WebScrapperJS - Get Content/HTML of any website without being blocked by CORS even using JavaScript by WhollyAPI


Website :- https://sh20raj.github.io/WebScrapperJS/

GitHub | Repl.it | Dev.to Article


Grab the CDN or Download the JavaScript File

<script src="https://cdn.jsdelivr.net/gh/SH20RAJ/WebScrapperJS/WebScrapper.js" ></script>

  • WebScrapper.get() will return you the content of the provided url in a String.

  • WebScrapper.gethtml() will return you the content of the provided url as Parsed DOM. ( Will get the html and Parse it as a DOM object . Will return you a #Document)

  • WebScrapper.getjson() will return you the content of the provided url as Parsed JSON.


To Get HTML/Text/Content of Any Website in a String.
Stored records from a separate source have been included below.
definition RLD :: "nat \<Rightarrow> nat \<Rightarrow> nat \<Rightarrow> nat list \<Rightarrow> nat list" where
  "RLD p q x s =
     concat (map (\<lambda>i. replicate (s ! i) (if even i then x else Opp p q x)) [0..<length s])"

text \<open>RLD_n(x_{1:n}, s): RLD_1(x_1,s) = RLD(x_1,s), RLD_n = RLD(x_n, RLD_{n-1}(x_{1:n-1},s)).
  For the empty prefix this returns s itself (only used for prefixes of length at least 1).\<close>
definition RLDn :: "nat \<Rightarrow> nat \<Rightarrow> nat list \<Rightarrow> nat list \<Rightarrow> nat list" where
  "RLDn p q xs s = foldl (\<lambda>t y. RLD p q y t) s xs"

definition OppEnd :: "nat \<Rightarrow> nat \<Rightarrow> nat list \<Rightarrow> nat" where
  "OppEnd p q t = Opp p q (last t)"

definition A :: "nat \<Rightarrow> nat \<Rightarrow> nat \<Rightarrow> nat list \<Rightarrow> nat list \<Rightarrow> nat list" where
  "A p q n s x = map (\<lambda>i. OppEnd p q (RLDn p q (take i x) s)) [1..<Suc n]"

definition states :: "nat \<Rightarrow> nat \<Rightarrow> nat \<Rightarrow> nat list set" where
  "states p q n = {x. length x = n \<and> set x \<subseteq> {p, q}}"

definition orbit_of :: "('a \<Rightarrow> 'a) \<Rightarrow> 'a \<Rightarrow> 'a set" where
  "orbit_of f x = range (\<lambda>k. (f ^^ k) x)"

definition num_orbits_of_length :: "('a \<Rightarrow> 'a) \<Rightarrow> 'a set \<Rightarrow> nat \<Rightarrow> nat" where
  "num_orbits_of_length f X L = card {orbit_of f x | x. x \<in> X \<and> card (orbit_of f x) = L}"

end

theory Submission
  imports Defs "HOL-Combinatorics.Orbits" "HOL-Computational_Algebra.Primes"
begin

text \<open>Let f = A_n(-, s) with n = 2r + 1. Its k-th power is the automaton driven by the word s^k,
  and coordinate i of A_n(x, u) is x_i or its opposite according to the parity of the length of
  RLD_(i-1)(x_(1:i-1), u). If u fixes all states of length j, then u u fixes all states of length
  j + 2; hence f^(2^(r+1)) is the identity, all orbit lengths are powers of two, and the orbits of
  length 2^(r+1) consist of the states moved by f^(2^r), namely y @ [c] with RLD_2r(y, s^(2^r)) of
  odd length. Reading the first two letters a, b of y replaces s by RLD_2(a b, s s); a parity count
  then gives 2^(r+1) such prefixes when |s| and sum(s) are odd (exactly one choice of b keeps the
  sum odd, because p + q is odd) and none otherwise.\<close>

section \<open>Orbits of periodic points\<close>

lemma orbit_of_eq_orbit: "x \<in> orbit f x \<Longrightarrow> orbit_of f x = orbit f x"
  using orbit_altdef_self_in[of x f] by (auto simp: orbit_of_def)

lemma self_in_orbit_if_funpow: "(f ^^ m) x = x \<Longrightarrow> 0 < m \<Longrightarrow> x \<in> orbit f x"
  by (force simp: orbit_altdef)

lemma orbit_eq_if_mem:
  assumes "x \<in> orbit f x" "y \<in> orbit f x"
  shows "orbit f y = orbit f x"
proof
  show "orbit f y \<subseteq> orbit f x"
    by (blast intro: orbit_trans[OF _ assms(2)])
  show "orbit f x \<subseteq> orbit f y"
    by (blast intro: orbit_trans[OF _ orbit_swap[OF assms]])
qed

lemma card_orbit_eq_funpow_dist1:
  assumes "x \<in> orbit f x"
  shows "card (orbit f x) = funpow_dist1 f x x"
  unfolding orbit_conv_funpow_dist1[OF assms] by (simp add: card_image inj_on_funpow_dist1[OF assms])

lemma funpow_eq_self_iff_card_orbit_dvd:
  assumes "x \<in> orbit f x"
  shows "(f ^^ m) x = x \<longleftrightarrow> card (orbit f x) dvd m"
proof -
  define d where "d = card (orbit f x)"
  have d: "0 < d" "(f ^^ d) x = x"
    using assms funpow_dist1_prop[OF assms] by (simp_all add: d_def card_orbit_eq_funpow_dist1)
  have "(f ^^ m) x = (f ^^ (m mod d)) x"
    using funpow_mod_eq[OF d(2)] by simp
  moreover have "(f ^^ (m mod d)) x \<noteq> x" if "m mod d \<noteq> 0"
    using that d(1) funpow_dist1_least[of "m mod d" f x x]
    by (simp add: d_def card_orbit_eq_funpow_dist1[OF assms])
  ultimately show ?thesis
    unfolding d_def[symmetric] dvd_eq_mod_eq_0 by (cases "m mod d = 0") simp_all
qed

lemma card_orbit_prime_power_iff:
  assumes "prime P" "(f ^^ P ^ Suc k) x = x"
  shows "card (orbit f x) = P ^ Suc k \<longleftrightarrow> (f ^^ P ^ k) x \<noteq> x"
proof -
  have P: "1 < P"
    using assms(1) by (rule prime_gt_1_nat)
  have x: "x \<in> orbit f x"
    using assms(2) P by (intro self_in_orbit_if_funpow[where m = "P ^ Suc k"]) simp_all
  have "card (orbit f x) dvd P ^ Suc k"
    using assms(2) funpow_eq_self_iff_card_orbit_dvd[OF x] by simp
  then obtain i where i: "i \<le> Suc k" "card (orbit f x) = P ^ i"
    using divides_primepow_nat[OF assms(1)] by blast
  have "(f ^^ P ^ k) x = x \<longleftrightarrow> i \<le> k"
    using funpow_eq_self_iff_card_orbit_dvd[OF x, of "P ^ k"] i(2) dvd_power_iff_le[of P i k] P
    by simp
  moreover have "card (orbit f x) = P ^ Suc k \<longleftrightarrow> i = Suc k"
    by (simp only: i(2) power_inject_exp[OF P])
  ultimately show ?thesis
    using i(1) by linarith
qed
(* Let $k$ be a complete non-archimedean valued field of characteristic $p > 0$, and let $r = (r_1,\ldots,r_n)$ be a tuple of positive real numbers. If $[k : k^p] < \infty$, where $k^p:=\{a^p\mid a\in k\}$, then $\Omega_{k\{r^{-1}T\}/k[T]} = 0$.
   Context: $k\{r^{-1}T\} = k\{r_1^{-1}T_1,\ldots,r_n^{-1}T_n\}$ is the Banach $k$-algebra of power series $\sum_{\nu\in\mathbb{Z}_{\ge0}^n} a_\nu T^\nu$, $a_\nu\in k$, with $|a_\nu| r^\nu \to 0$; $k[T]=k[T_1,\ldots,T_n]$. $\Omega_{k\{r^{-1}T\}/k[T]}$ is the module of Kähler differentials. *)

theory Defs
  imports Complex_Main "HOL-Algebra.Ring"
begin

definition nonarch_abs :: "('a::field \<Rightarrow> real) \<Rightarrow> bool" where
  "nonarch_abs v \<longleftrightarrow>
     (\<forall>x. v x \<ge> 0) \<and> (\<forall>x. v x = 0 \<longleftrightarrow> x = 0) \<and>
     (\<forall>x y. v (x * y) = v x * v y) \<and>
     (\<forall>x y. v (x + y) \<le> max (v x) (v y))"

definition abs_complete :: "('a::field \<Rightarrow> real) \<Rightarrow> bool" where
  "abs_complete v \<longleftrightarrow>
     (\<forall>X :: nat \<Rightarrow> 'a.
        (\<forall>e>0. \<exists>N. \<forall>m\<ge>N. \<forall>n\<ge>N. v (X m - X n) < e) \<longrightarrow>
        (\<exists>L. (\<lambda>n. v (X n - L)) \<longlonglongrightarrow> 0))"

text \<open>\<open>[k : k^p] < \<infinity>\<close>: k is spanned, as a vector space over the subfield
  \<open>k^p = {a^p | a \<in> k}\<close>, by a finite set.\<close>
definition finite_p_degree :: "'a::field itself \<Rightarrow> nat \<Rightarrow> bool" where
  "finite_p_degree _ p \<longleftrightarrow>
     (\<exists>B :: 'a set. finite B \<and> (\<forall>x::'a. \<exists>c. x = (\<Sum>b\<in>B. (c b) ^ p * b)))"
(* Let $G$ be strongly connected and $C\subseteq V$. For each of the dynamics BD-B, BD-D, DB-B, DB-D and LD defined below, let $F^{(r)}_C$ denote the fixation probability of $C$ under that dynamics with mutant fitness $r$. Then for every $r>1$, $F^{(1)}_C\le F^{(r)}_C$.
   Context: Let $G=(V,E)$ be a finite directed graph with $N=|V|$ vertices and weight matrix $W=[w_{ij}]$, $w_{ij}>0$ iff $(i,j)\in E$, $\sum_j w_{ij}=1$ for all $i$. A configuration is a set of mutants; the fitness of a vertex is $f_k=r$ if it is a mutant and $f_k=1$ otherwise (evaluated in the current configuration). Starting from configuration $C$ at time $0$, each time step applies one of the following update rules (the rule being fixed throughout): BD-B: choose $i$ with probability $f_i/\sum_k f_k$, then $j$ with probability $w_{ij}$; $j$ takes the type of $i$. BD-D: choose $i$ uniformly ($1/N$), then $j$ with probability $w_{ij}f_j^{-1}/\sum_q w_{iq}f_q^{-1}$; $j$ takes the type of $i$. DB-B: choose $j$ uniformly ($1/N$), then $i$ with probability $w_{ij}f_i/\sum_q w_{qj}f_q$; $j$ takes the type of $i$. DB-D: choose $j$ with probability $f_j^{-1}/\sum_k f_k^{-1}$, then $i$ with probability $w_{ij}/\sum_q w_{qj}$; $j$ takes the type of $i$. LD: choose an edge $(i,j)\in E$ with probability $w_{ij}f_i/\sum_{(q,\ell)\in E}w_{q\ell}f_q$; $j$ takes the type of $i$. The fixation probability is the limit as $t\to\infty$ of the probability that all vertices are mutants at time $t$; $r=1$ is neutral drift. *)

theory Defs
  imports Complex_Main
begin

text \<open>Vertices are the elements of a finite type 'v (so V = UNIV, N = CARD('v)).
  A configuration is the set of mutant vertices.\<close>

datatype rule = BD_B | BD_D | DB_B | DB_D | LD

definition weight_matrix :: "('v::finite \<Rightarrow> 'v \<Rightarrow> real) \<Rightarrow> bool" where
  "weight_matrix W \<longleftrightarrow> (\<forall>i j. 0 \<le> W i j) \<and> (\<forall>i. (\<Sum>j\<in>UNIV. W i j) = 1)"

definition edges :: "('v \<Rightarrow> 'v \<Rightarrow> real) \<Rightarrow> ('v \<times> 'v) set" where
  "edges W = {(i, j). W i j > 0}"

definition strongly_connected :: "('v \<Rightarrow> 'v \<Rightarrow> real) \<Rightarrow> bool" where
  "strongly_connected W \<longleftrightarrow> (\<forall>i j. (i, j) \<in> (edges W)\<^sup>*)"

definition fit :: "real \<Rightarrow> 'v set \<Rightarrow> 'v \<Rightarrow> real" where
  "fit r C k = (if k \<in> C then r else 1)"

text \<open>Probability that, in configuration C, the (ordered) pair (i,j) is selected,
  i.e. j takes the type of i.\<close>
definition pair_prob :: "rule \<Rightarrow> ('v::finite \<Rightarrow> 'v \<Rightarrow> real) \<Rightarrow> real \<Rightarrow> 'v set \<Rightarrow> 'v \<Rightarrow> 'v \<Rightarrow> real" where
  "pair_prob rl W r C i j = (let f = fit r C; N = real (card (UNIV :: 'v set)) in
     (case rl of
        BD_B \<Rightarrow> f i / (\<Sum>k\<in>UNIV. f k) * W i j
      | BD_D \<Rightarrow> (1 / N) * ((W i j / f j) / (\<Sum>q\<in>UNIV. W i q / f q))
      | DB_B \<Rightarrow> (1 / N) * ((W i j * f i) / (\<Sum>q\<in>UNIV. W q j * f q))
      | DB_D \<Rightarrow> ((1 / f j) / (\<Sum>k\<in>UNIV. 1 / f k)) * (W i j / (\<Sum>q\<in>UNIV. W q j))
      | LD \<Rightarrow> (W i j * f i) / (\<Sum>(q, l)\<in>edges W. W q l * f q)))"

definition replace :: "'v set \<Rightarrow> 'v \<Rightarrow> 'v \<Rightarrow> 'v set" where
  "replace C i j = (if i \<in> C then insert j C else C - {j})"

definition trans_prob :: "rule \<Rightarrow> ('v::finite \<Rightarrow> 'v \<Rightarrow> real) \<Rightarrow> real \<Rightarrow> 'v set \<Rightarrow> 'v set \<Rightarrow> real" where
  "trans_prob rl W r C D = (\<Sum>(i, j)\<in>UNIV. if replace C i j = D then pair_prob rl W r C i j else 0)"

fun config_dist :: "rule \<Rightarrow> ('v::finite \<Rightarrow> 'v \<Rightarrow> real) \<Rightarrow> real \<Rightarrow> 'v set \<Rightarrow> nat \<Rightarrow> 'v set \<Rightarrow> real" where
  "config_dist rl W r C 0 D = (if D = C then 1 else 0)"
| "config_dist rl W r C (Suc t) D = (\<Sum>D'\<in>UNIV. config_dist rl W r C t D' * trans_prob rl W r D' D)"

definition fixation_prob :: "rule \<Rightarrow> ('v::finite \<Rightarrow> 'v \<Rightarrow> real) \<Rightarrow> real \<Rightarrow> 'v set \<Rightarrow> real" where
  "fixation_prob rl W r C = lim (\<lambda>t. config_dist rl W r C t UNIV)"

end

theory Submission
  imports Defs "HOL-Analysis.Analysis"
begin

text \<open>Let \<open>p i j\<close> be the neutral (\<open>r = 1\<close>) probability that \<open>i\<close> replaces \<open>j\<close>; it does not depend on
  the configuration. By Brouwer's theorem there is a probability vector \<open>\<pi>\<close> on the vertices with
  \<open>\<Sum>\<^sub>j p i j \<pi> j = \<pi> i \<Sum>\<^sub>j p j i\<close>, and for such \<open>\<pi>\<close> the \<open>\<pi>\<close>-weighted replacement flow across any
  cut is the same in both directions. Hence the \<open>\<pi>\<close>-mass of the mutant set is a martingale of the
  neutral process, so the neutral fixation probability of \<open>C\<close> is at most \<open>\<pi>(C)\<close>. For \<open>r \<ge> 1\<close>
  every update rule scales, up to a common factor, the events "a mutant replaces a resident" up and
  "a resident replaces a mutant" down, so the \<open>\<pi>\<close>-mass becomes a submartingale. By strong
  connectivity the process is eventually absorbed in \<open>{}\<close> or \<open>V\<close>; hence \<open>\<pi>(C)\<close> is at most the
  limiting probability of not going extinct, which is the fixation probability for fitness \<open>r\<close>.\<close>

section \<open>Multi-step transition probabilities\<close>

fun n_step_prob :: "('s::finite \<Rightarrow> 's \<Rightarrow> real) \<Rightarrow> nat \<Rightarrow> 's \<Rightarrow> 's \<Rightarrow> real" where
  "n_step_prob P 0 x y = of_bool (y = x)"
| "n_step_prob P (Suc t) x y = (\<Sum>z\<in>UNIV. n_step_prob P t x z * P z y)"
var html = WebScrapper.get('https://webscrapperjs.sh20raj.repl.co/');//This will be return the HTML/Text inside the webpage in a String.
console.log(html);

This will be return the HTML/Text inside the webpage in a String.

Try this


To Get HTML Content of Any Website in DOM Parsed Form WebScrapper.gethtml()

var url = 'https://google.com/';
var html = WebScrapper.gethtml(url);//html of the url will be Parsed and stored in this variable
console.log(html);
console.log(html.title);//As you Use document.title you can Use Like this to get the title.

Intialise own WebScrapper with URL new scrapper()

let MyWebScrapper = new scrapper('https://example.com/');
//You can now directly call gethtml() instead of passing a url into it.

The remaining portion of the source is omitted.